[[ Dataset records open ]]

lemma sum_mode_energy_le_cost:
  assumes adm: "admissible y v" and \<sigma>: "0 < \<sigma>" "\<sigma> \<le> T"
    and K: "finite K" "K \<subseteq> {1..}" "1 \<in> K"
  shows "(\<Sum>k\<in>K. mode_excess y v \<sigma> k + (1/2) * mode_cost \<sigma> k * (inner (y \<sigma>) (e k))\<^sup>2)
       \<le> cost y v \<sigma>"
proof -
  have ctrl_int: "set_integrable lborel {0..\<sigma>} (\<lambda>t. (norm (ctrl e a (y t)))\<^sup>2)"
    using admissible_mode_regularity(1)[OF adm \<sigma>(2), of 1]
    by (auto simp: norm_ctrl_sq intro!: borel_integrable_atLeastAtMost' continuous_intros)
  have density_int: "set_integrable lborel {0..\<sigma>} (mode_density y v k)" if "k \<in> K" for k
    using admissible_mode_regularity(3)[OF adm \<sigma>(2), of k] that K ctrl_int
    by (cases "k = 1") (auto simp: mode_density_def[abs_def])
  have "(\<Sum>k\<in>K. mode_excess y v \<sigma> k + (1/2) * mode_cost \<sigma> k * (inner (y \<sigma>) (e k))\<^sup>2)
      = (\<Sum>k\<in>K. LINT t:{0..\<sigma>}|lborel. mode_density y v k t)"
    using mode_energy_eq[OF adm \<sigma>] K by (auto intro!: sum.cong)
  also have "\<dots> = (LINT t:{0..\<sigma>}|lborel. (\<Sum>k\<in>K. mode_density y v k t))"
    by (rule set_integral_sum[symmetric]) (rule density_int)
  also have "\<dots> \<le> cost y v \<sigma>"
    unfolding cost_def
  proof (rule set_integral_mono)
    show "set_integrable lborel {0..\<sigma>} (\<lambda>t. \<Sum>k\<in>K. mode_density y v k t)"
      by (rule set_integrable_sum) (rule density_int)
    show "set_integrable lborel {0..\<sigma>} (\<lambda>t. (1/2) * (norm (v t))\<^sup>2 - (norm (ctrl e a (y t)))\<^sup>2)"
      using adm L2_on_norm_sq_integrable[OF _ _ \<sigma>(2), of v 0] ctrl_int
      by (simp add: admissible_def Cset_def)
  qed (rule sum_mode_density_le[OF K])
  finally show ?thesis .
qed

lemma Ifun_eq_INF_cost: "Ifun e a T y \<sigma> = (INF v \<in> Cset e a T y. ereal (cost y v \<sigma>))"
  by (simp add: Ifun_def cost_def)
(* Let $0,1,\dots,9$ be ten distinct points of $\mathbb{P}^3(\mathbb{C})$. Then either the ten points lie on a common quadric surface, or the points can be relabeled so that the three lines $01$, $23$, $45$ are mutually skew.
   Context: A quadric surface is the zero locus in $\mathbb{P}^3$ of a nonzero homogeneous polynomial of degree 2 in four variables; $ij$ denotes the line through the points $i$ and $j$; lines are skew if they do not meet. *)

theory Defs
  imports "HOL-Analysis.Analysis"
begin

text \<open>Points of P^3(C) are represented by nonzero vectors in C^4 (homogeneous coordinates).\<close>

definition same_proj_point :: "complex^4 \<Rightarrow> complex^4 \<Rightarrow> bool" where
  "same_proj_point u v \<longleftrightarrow> (\<exists>c::complex. c \<noteq> 0 \<and> u = c *s v)"

definition quad_eval :: "(4 \<Rightarrow> 4 \<Rightarrow> complex) \<Rightarrow> complex^4 \<Rightarrow> complex" where
  "quad_eval c x = (\<Sum>(i,j)\<in>{(i,j). i \<le> j}. c i j * x$i * x$j)"

definition nonzero_quad :: "(4 \<Rightarrow> 4 \<Rightarrow> complex) \<Rightarrow> bool" where
  "nonzero_quad c \<longleftrightarrow> (\<exists>i j. i \<le> j \<and> c i j \<noteq> 0)"

definition on_quadric :: "(4 \<Rightarrow> 4 \<Rightarrow> complex) \<Rightarrow> complex^4 \<Rightarrow> bool" where
  "on_quadric c x \<longleftrightarrow> quad_eval c x = 0"

definition on_line :: "complex^4 \<Rightarrow> complex^4 \<Rightarrow> complex^4 \<Rightarrow> bool" where
  "on_line a b w \<longleftrightarrow> (\<exists>s t::complex. w = s *s a + t *s b)"

definition lines_meet :: "complex^4 \<Rightarrow> complex^4 \<Rightarrow> complex^4 \<Rightarrow> complex^4 \<Rightarrow> bool" where
  "lines_meet a b c d \<longleftrightarrow> (\<exists>w. w \<noteq> 0 \<and> on_line a b w \<and> on_line c d w)"

definition skew_lines :: "complex^4 \<Rightarrow> complex^4 \<Rightarrow> complex^4 \<Rightarrow> complex^4 \<Rightarrow> bool" where
  "skew_lines a b c d \<longleftrightarrow> \<not> lines_meet a b c d"

end

theory Submission
  imports Defs
begin

text \<open>Suppose no six of the points form three mutually skew lines. If the points are not all
  on a line, fix a plane H through three of them. Should four independent points lie off H, take
  them as the coordinate frame: then H has no vanishing coordinate, and the Pluecker coordinates
  of the lines joining the three points of H force each such line into its own coordinate plane,
  which exhibits three skew lines. Hence the points off H lie in a plane H', and all points lie
  on the quadric H \<union> H'.\<close>

section \<open>Determinants of four points\<close>

lemma det_4:
  "det (A::'a::comm_ring_1^4^4) =
     A$1$1*A$2$2*A$3$3*A$4$4 - A$1$1*A$2$2*A$3$4*A$4$3 - A$1$1*A$2$3*A$3$2*A$4$4
   + A$1$1*A$2$3*A$3$4*A$4$2 + A$1$1*A$2$4*A$3$2*A$4$3 - A$1$1*A$2$4*A$3$3*A$4$2
   - A$1$2*A$2$1*A$3$3*A$4$4 + A$1$2*A$2$1*A$3$4*A$4$3 + A$1$2*A$2$3*A$3$1*A$4$4
   - A$1$2*A$2$3*A$3$4*A$4$1 - A$1$2*A$2$4*A$3$1*A$4$3 + A$1$2*A$2$4*A$3$3*A$4$1
   + A$1$3*A$2$1*A$3$2*A$4$4 - A$1$3*A$2$1*A$3$4*A$4$2 - A$1$3*A$2$2*A$3$1*A$4$4
   + A$1$3*A$2$2*A$3$4*A$4$1 + A$1$3*A$2$4*A$3$1*A$4$2 - A$1$3*A$2$4*A$3$2*A$4$1
   - A$1$4*A$2$1*A$3$2*A$4$3 + A$1$4*A$2$1*A$3$3*A$4$2 + A$1$4*A$2$2*A$3$1*A$4$3
   - A$1$4*A$2$2*A$3$3*A$4$1 - A$1$4*A$2$3*A$3$1*A$4$2 + A$1$4*A$2$3*A$3$2*A$4$1"
proof -
  have f1: "finite {2::4, 3, 4}" "1 \<notin> {2::4, 3, 4}" by auto
  have f2: "finite {3::4, 4}" "2 \<notin> {3::4, 4}" by auto
  have f3: "finite {4::4}" "3 \<notin> {4::4}" by auto
  show ?thesis
    unfolding det_def UNIV_4 sum_over_permutations_insert[OF f1] sum_over_permutations_insert[OF f2]
      sum_over_permutations_insert[OF f3] permutes_sing
    by (simp add: sign_swap_id permutation_swap_id sign_compose permutation_compose swap_id_eq
        algebra_simps)
qed
lemma gdelta_tube_exists:
  fixes \<V> :: "nat \<Rightarrow> 'b set set" and W :: "nat \<Rightarrow> ('a \<times> 'b) set set"
  assumes K: "K \<subseteq> topspace X"
    and \<V>: "\<And>k. finite (\<V> k)" "\<And>k. \<V> k \<subseteq> tube_cover X Y (W k) K"
  shows "\<exists>G F. gdelta_in X G \<and> K \<subseteq> G \<and>
    (\<forall>k. finite (F k) \<and> F k \<subseteq> W k \<and> G \<times> \<Union>(\<V> k) \<subseteq> \<Union>(F k))"
proof -
  have "\<forall>k V. \<exists>U F. V \<in> tube_cover X Y (W k) K \<longrightarrow>
      openin X U \<and> K \<subseteq> U \<and> finite F \<and> F \<subseteq> W k \<and> U \<times> V \<subseteq> \<Union>F"
    unfolding tube_cover_def by blast
  then obtain U F where UF: "\<And>k V. V \<in> tube_cover X Y (W k) K \<Longrightarrow>
      openin X (U k V) \<and> K \<subseteq> U k V \<and> finite (F k V) \<and> F k V \<subseteq> W k \<and> U k V \<times> V \<subseteq> \<Union>(F k V)"
    unfolding choice_iff by blast
  have UF\<V>: "openin X (U k V) \<and> K \<subseteq> U k V \<and> finite (F k V) \<and> F k V \<subseteq> W k \<and>
      U k V \<times> V \<subseteq> \<Union>(F k V)" if "V \<in> \<V> k" for k V
    using UF[OF subsetD[OF \<V>(2) that]] .
  define G where "G = \<Inter>(insert (topspace X) ((\<lambda>(k, V). U k V) ` (SIGMA k:UNIV. \<V> k)))"
  have "countable (SIGMA k:UNIV. \<V> k)"
    using \<V>(1) by (intro countable_SIGMA) (auto intro: countable_finite)
  then have "gdelta_in X G"
    unfolding G_def using UF\<V> by (intro gdelta_in_topspace_Inter) auto
  moreover have "K \<subseteq> G"
    unfolding G_def using K UF\<V> by fastforce
  moreover have "finite (\<Union>V\<in>\<V> k. F k V) \<and> (\<Union>V\<in>\<V> k. F k V) \<subseteq> W k \<and>
      G \<times> \<Union>(\<V> k) \<subseteq> \<Union>(\<Union>V\<in>\<V> k. F k V)" for k
    using \<V>(1) UF\<V> unfolding G_def by fastforce
  ultimately show ?thesis
    by (intro exI[of _ G] exI[of _ "\<lambda>k. \<Union>V\<in>\<V> k. F k V"]) blast
qed

lemma S1_G_K_G_Gamma_compact_cover:
  assumes S: "S1 (G_K X) (G_Gamma X)"
    and G: "\<And>m K. compactin X K \<Longrightarrow> gdelta_in X (G m K)" "\<And>m K. compactin X K \<Longrightarrow> K \<subseteq> G m K"
  shows "\<exists>K. (\<forall>m::nat. compactin X (K m)) \<and> topspace X \<subseteq> (\<Union>m. G m (K m))"
proof -
  have "\<exists>B. (\<forall>m. B m \<in> G m ` {K. compactin X K}) \<and> topspace X \<subseteq> \<Union>(range B)"
  proof (rule S1_G_K_G_Gamma_cover[OF S])
    show "gdelta_in X U" if "U \<in> G m ` {K. compactin X K}" for m U
      using that G(1) by blast
    show "\<exists>U\<in>G m ` {K. compactin X K}. K \<subseteq> U" if K: "compactin X K" for m K
      using G(2)[OF K] K by blast
  qed
  then obtain B where B: "\<forall>m. B m \<in> G m ` {K. compactin X K}" and cover: "topspace X \<subseteq> \<Union>(range B)"
    by (elim exE conjE)
  have "\<forall>m. \<exists>K. compactin X K \<and> B m = G m K"
    using B by blast
  then obtain K where "\<forall>m. compactin X (K m) \<and> B m = G m (K m)"
    unfolding choice_iff by blast
  with cover show ?thesis
    by (intro exI[of _ K]) auto
qed

lemma product_selection_from_hulls:
  fixes W :: "nat \<Rightarrow> ('a \<times> 'b) set set" and P :: "(nat \<Rightarrow> 'b set) \<Rightarrow> bool"
  assumes S: "S1 (G_K X) (G_Gamma X)"
    and hull: "\<And>m K. compactin X K \<Longrightarrow> P (\<lambda>k. \<Union>(\<V> m K k)) \<and> gdelta_in X (G m K) \<and> K \<subseteq> G m K \<and>
      (\<forall>k. finite (F m K k) \<and> F m K k \<subseteq> W (k + m) \<and> G m K \<times> \<Union>(\<V> m K k) \<subseteq> \<Union>(F m K k))"
    and P_mono: "\<And>S T. P S \<Longrightarrow> (\<And>k. S k \<subseteq> T k) \<Longrightarrow> P T"
  shows "\<exists>H. (\<forall>n. finite (H n) \<and> H n \<subseteq> W n) \<and>
    (\<forall>x\<in>topspace X. \<exists>m. P (\<lambda>k. {y. (x, y) \<in> \<Union>(H (k + m))}))"
proof -
  have "\<exists>K. (\<forall>m::nat. compactin X (K m)) \<and> topspace X \<subseteq> (\<Union>m. G m (K m))"
    using hull by (intro S1_G_K_G_Gamma_compact_cover[OF S]) blast+
  then obtain K where K: "\<And>m. compactin X (K m)" and cover: "topspace X \<subseteq> (\<Union>m. G m (K m))"
    by blast
  define H where "H n = (\<Union>m\<le>n. F m (K m) (n - m))" for n
  have H_finite: "finite (H n) \<and> H n \<subseteq> W n" for n
    unfolding H_def using hull[OF K] by fastforce
  have H_slices: "P (\<lambda>k. {y. (x, y) \<in> \<Union>(H (k + m))})" if x: "x \<in> G m (K m)" for x m
  proof (rule P_mono)
    show "P (\<lambda>k. \<Union>(\<V> m (K m) k))"
      using hull[OF K] by blast
    show "\<Union>(\<V> m (K m) k) \<subseteq> {y. (x, y) \<in> \<Union>(H (k + m))}" for k
    proof
      fix y assume "y \<in> \<Union>(\<V> m (K m) k)"
      then have "(x, y) \<in> \<Union>(F m (K m) k)"
        using x hull[OF K, of m] by blast
      moreover have "F m (K m) k \<subseteq> H (k + m)"
        unfolding H_def using UN_upper[of m "{..k + m}" "\<lambda>j. F j (K j) (k + m - j)"] by simp
      ultimately show "y \<in> {y. (x, y) \<in> \<Union>(H (k + m))}"
        by blast
    qed
  qed
  have "\<exists>m. P (\<lambda>k. {y. (x, y) \<in> \<Union>(H (k + m))})" if x: "x \<in> topspace X" for x
  proof -
    obtain m where "x \<in> G m (K m)"
      using cover x by blast
    then show ?thesis
      using H_slices by blast
  qed
  with H_finite show ?thesis
    by (intro exI[of _ H]) blast
qed

lemma product_selection:
  fixes X :: "'a topology" and Y :: "'b topology" and W :: "nat \<Rightarrow> ('a \<times> 'b) set set"
    and P :: "(nat \<Rightarrow> 'b set) \<Rightarrow> bool"
  assumes S: "S1 (G_K X) (G_Gamma X)"
    and select: "\<And>m K. compactin X K \<Longrightarrow> \<exists>\<V>.
      (\<forall>k. finite (\<V> k) \<and> \<V> k \<subseteq> tube_cover X Y (W (k + m)) K) \<and> P (\<lambda>k. \<Union>(\<V> k))"
    and P_mono: "\<And>S T. P S \<Longrightarrow> (\<And>k. S k \<subseteq> T k) \<Longrightarrow> P T"
  shows "\<exists>H. (\<forall>n. finite (H n) \<and> H n \<subseteq> W n) \<and>
    (\<forall>x\<in>topspace X. \<exists>m. P (\<lambda>k. {y. (x, y) \<in> \<Union>(H (k + m))}))"
proof -
  have "\<exists>\<V> G F. P (\<lambda>k. \<Union>(\<V> k)) \<and> gdelta_in X G \<and> K \<subseteq> G \<and>
      (\<forall>k. finite (F k) \<and> F k \<subseteq> W (k + m) \<and> G \<times> \<Union>(\<V> k) \<subseteq> \<Union>(F k))"
    if K: "compactin X K" for m K
  proof -
    obtain \<V> where \<V>: "\<forall>k. finite (\<V> k) \<and> \<V> k \<subseteq> tube_cover X Y (W (k + m)) K"
      and P\<V>: "P (\<lambda>k. \<Union>(\<V> k))"
      using select[OF K, of m] by (elim exE conjE)
    have "K \<subseteq> topspace X" "\<And>k. finite (\<V> k)" "\<And>k. \<V> k \<subseteq> tube_cover X Y (W (k + m)) K"
      using K compactin_subset_topspace \<V> by blast+
    then have "\<exists>G F. gdelta_in X G \<and> K \<subseteq> G \<and>
        (\<forall>k. finite (F k) \<and> F k \<subseteq> W (k + m) \<and> G \<times> \<Union>(\<V> k) \<subseteq> \<Union>(F k))"
      by (rule gdelta_tube_exists)
    then obtain G F where "gdelta_in X G" "K \<subseteq> G"
      "\<forall>k. finite (F k) \<and> F k \<subseteq> W (k + m) \<and> G \<times> \<Union>(\<V> k) \<subseteq> \<Union>(F k)"
      by (elim exE conjE)
    with P\<V> show ?thesis
      by (intro exI[of _ \<V>] exI[of _ G] exI[of _ F] conjI)
  qed
  then have "\<forall>m K. \<exists>\<V> G F. compactin X K \<longrightarrow> P (\<lambda>k. \<Union>(\<V> k)) \<and> gdelta_in X G \<and> K \<subseteq> G \<and>
      (\<forall>k. finite (F k) \<and> F k \<subseteq> W (k + m) \<and> G \<times> \<Union>(\<V> k) \<subseteq> \<Union>(F k))"
    by blast
  then obtain \<V> G F where "\<And>m K. compactin X K \<Longrightarrow> P (\<lambda>k. \<Union>(\<V> m K k)) \<and>
      gdelta_in X (G m K) \<and> K \<subseteq> G m K \<and>
      (\<forall>k. finite (F m K k) \<and> F m K k \<subseteq> W (k + m) \<and> G m K \<times> \<Union>(\<V> m K k) \<subseteq> \<Union>(F m K k))"
    unfolding choice_iff by blast
  then show ?thesis
    using P_mono by (rule product_selection_from_hulls[OF S])
qed

lemma product_selection_cover:
  fixes X :: "'a topology" and Y :: "'b topology" and W :: "nat \<Rightarrow> ('a \<times> 'b) set set"
  assumes S: "S1 (G_K X) (G_Gamma X)"
    and W: "\<And>n. open_cover (prod_topology X Y) (W n)"
    and select: "\<And>m K. compactin X K \<Longrightarrow> \<exists>\<V>.
      (\<forall>k. finite (\<V> k) \<and> \<V> k \<subseteq> tube_cover X Y (W (k + m)) K) \<and> \<Union>(\<Union>k. \<V> k) = topspace Y"
  shows "\<exists>H. (\<forall>n. finite (H n) \<and> H n \<subseteq> W n) \<and> \<Union>(\<Union>n. H n) = topspace (prod_topology X Y)"
proof -
  have select_cover: "\<exists>\<V>. (\<forall>k. finite (\<V> k) \<and> \<V> k \<subseteq> tube_cover X Y (W (k + m)) K) \<and>
      topspace Y \<subseteq> (\<Union>k. \<Union>(\<V> k))" if K: "compactin X K" for m K
  proof -
    obtain \<V> where \<V>: "\<forall>k. finite (\<V> k) \<and> \<V> k \<subseteq> tube_cover X Y (W (k + m)) K"
      and \<V>_cover: "\<Union>(\<Union>k. \<V> k) = topspace Y"
      using select[OF K, of m] by (elim exE conjE)
    have "topspace Y \<subseteq> (\<Union>k. \<Union>(\<V> k))"
      using \<V>_cover by blast
    then show ?thesis
      using \<V> by (intro exI[of _ \<V>] conjI)
  qed
  have "\<exists>H. (\<forall>n. finite (H n) \<and> H n \<subseteq> W n) \<and>
      (\<forall>x\<in>topspace X. \<exists>m. topspace Y \<subseteq> (\<Union>k. {y. (x, y) \<in> \<Union>(H (k + m))}))"
  proof (rule product_selection[where P = "\<lambda>S. topspace Y \<subseteq> (\<Union>k. S k)", OF S])
    show "\<exists>\<V>. (\<forall>k. finite (\<V> k) \<and> \<V> k \<subseteq> tube_cover X Y (W (k + m)) K) \<and>
        topspace Y \<subseteq> (\<Union>k. \<Union>(\<V> k))" if "compactin X K" for m K
      using that by (rule select_cover)
    show "topspace Y \<subseteq> (\<Union>k. T k)" if "topspace Y \<subseteq> (\<Union>k. S k)" "\<And>k. S k \<subseteq> T k" for S T
      using that by blast
  qed
  then obtain H where H: "\<forall>n. finite (H n) \<and> H n \<subseteq> W n"
    and slices: "\<forall>x\<in>topspace X. \<exists>m. topspace Y \<subseteq> (\<Union>k. {y. (x, y) \<in> \<Union>(H (k + m))})"
    by (elim exE conjE)
  have "\<Union>(\<Union>n. H n) \<subseteq> topspace (prod_topology X Y)"
    using H W openin_subset unfolding open_cover_def by blast
  moreover have "(x, y) \<in> \<Union>(\<Union>n. H n)" if x: "x \<in> topspace X" and y: "y \<in> topspace Y" for x y
  proof -
    obtain m where "topspace Y \<subseteq> (\<Union>k. {y. (x, y) \<in> \<Union>(H (k + m))})"
      using bspec[OF slices x] ..
    then have "y \<in> (\<Union>k. {y. (x, y) \<in> \<Union>(H (k + m))})"
      using y by (rule subsetD)
    then obtain k where "(x, y) \<in> \<Union>(H (k + m))"
      by blast
    then show ?thesis
      by blast
  qed
  ultimately have "\<Union>(\<Union>n. H n) = topspace (prod_topology X Y)"
    by auto
  with H show ?thesis
    by blast
qed

lemma countable_as_finite_sequence:
  assumes "countable \<C>"
  shows "\<exists>\<V>. (\<forall>k::nat. finite (\<V> k) \<and> \<V> k \<subseteq> \<C>) \<and> (\<Union>k. \<V> k) = \<C>"
proof -
  have "(\<Union>k. {from_nat_into \<C> k} \<inter> \<C>) = \<C>"
    using from_nat_into_surj[OF assms] by blast
  then show ?thesis
    by (intro exI[of _ "\<lambda>k. {from_nat_into \<C> k} \<inter> \<C>"]) auto
qed
section \<open>Lower bound\<close>

text \<open>The edges \<open>{v0, v1, v3}\<close>, \<open>{v0, v2, v4}\<close>, \<open>{v1, v3, v4}\<close>, \<open>{v0, v2, v3}\<close>,
  \<open>{v1, v2, v4}\<close> form a 5-cycle whose adjacent pairs are the five copies of S3 on
  \<open>v0 < \<dots> < v4\<close>.  A missing triple whose insertion completes a copy is one of them, and one of
  its two neighbours on the cycle is already an edge.\<close>

lemma saturated_obtain_partner:
  assumes sat: "saturated n H 5 S3" and "e \<in> triples n" "e \<notin> H"
  obtains v0 v1 v2 v3 v4 where "v0 < v1" "v1 < v2" "v2 < v3" "v3 < v4" "v4 < n"
    "e = {v0, v1, v3} \<and> ({v0, v2, v4} \<in> H \<or> {v1, v2, v4} \<in> H) \<or>
     e = {v0, v2, v4} \<and> ({v0, v1, v3} \<in> H \<or> {v1, v3, v4} \<in> H) \<or>
     e = {v1, v2, v4} \<and> ({v0, v1, v3} \<in> H \<or> {v0, v2, v3} \<in> H) \<or>
     e = {v0, v2, v3} \<and> ({v1, v2, v4} \<in> H \<or> {v1, v3, v4} \<in> H) \<or>
     e = {v1, v3, v4} \<and> ({v0, v2, v3} \<in> H \<or> {v0, v2, v4} \<in> H)"
proof -
  from sat assms(2,3) have copy: "contains_copy n (insert e H) 5 S3"
    and free: "\<not> contains_copy n H 5 S3"
    unfolding saturated_def by auto
  from copy obtain v0 v1 v2 v3 v4 where v: "v0 < v1" "v1 < v2" "v2 < v3" "v3 < v4" "v4 < n"
    and new: "S3_pattern (insert e H) v0 v1 v2 v3 v4"
    by (rule copy_S3_obtain_pattern)
  have old: "\<not> S3_pattern H v0 v1 v2 v3 v4"
    using free contains_copy_S3_if_pattern[OF v] by blast
  have "v0 < v2" "v1 < v3" "v2 < v4"
    using v by linarith+
  then have "{v0, v1, v3} \<noteq> {v0, v2, v4}" "{v1, v2, v4} \<noteq> {v0, v1, v3}"
    "{v0, v2, v3} \<noteq> {v1, v2, v4}" "{v1, v3, v4} \<noteq> {v0, v2, v3}" "{v0, v2, v4} \<noteq> {v1, v3, v4}"
    using v by (simp_all add: sorted_triple_eq_iff)
  with new old show thesis
    unfolding S3_pattern_def by (intro that[OF v]) (simp only: insert_iff, argo)
qed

[[ Dataset records closed ]]

Exercise instructions:
Both end lines included, restate word for word the lines above from the line with "openin X U \<and>" to the line with "unfolding G_def using UF\<V>", and nothing else.

Task solution:
      openin X U \<and> K \<subseteq> U \<and> finite F \<and> F \<subseteq> W k \<and> U \<times> V \<subseteq> \<Union>F"
    unfolding tube_cover_def by blast
  then obtain U F where UF: "\<And>k V. V \<in> tube_cover X Y (W k) K \<Longrightarrow>
      openin X (U k V) \<and> K \<subseteq> U k V \<and> finite (F k V) \<and> F k V \<subseteq> W k \<and> U k V \<times> V \<subseteq> \<Union>(F k V)"
    unfolding choice_iff by blast
  have UF\<V>: "openin X (U k V) \<and> K \<subseteq> U k V \<and> finite (F k V) \<and> F k V \<subseteq> W k \<and>
      U k V \<times> V \<subseteq> \<Union>(F k V)" if "V \<in> \<V> k" for k V
    using UF[OF subsetD[OF \<V>(2) that]] .
  define G where "G = \<Inter>(insert (topspace X) ((\<lambda>(k, V). U k V) ` (SIGMA k:UNIV. \<V> k)))"
  have "countable (SIGMA k:UNIV. \<V> k)"
    using \<V>(1) by (intro countable_SIGMA) (auto intro: countable_finite)
  then have "gdelta_in X G"
    unfolding G_def using UF\<V> by (intro gdelta_in_topspace_Inter) auto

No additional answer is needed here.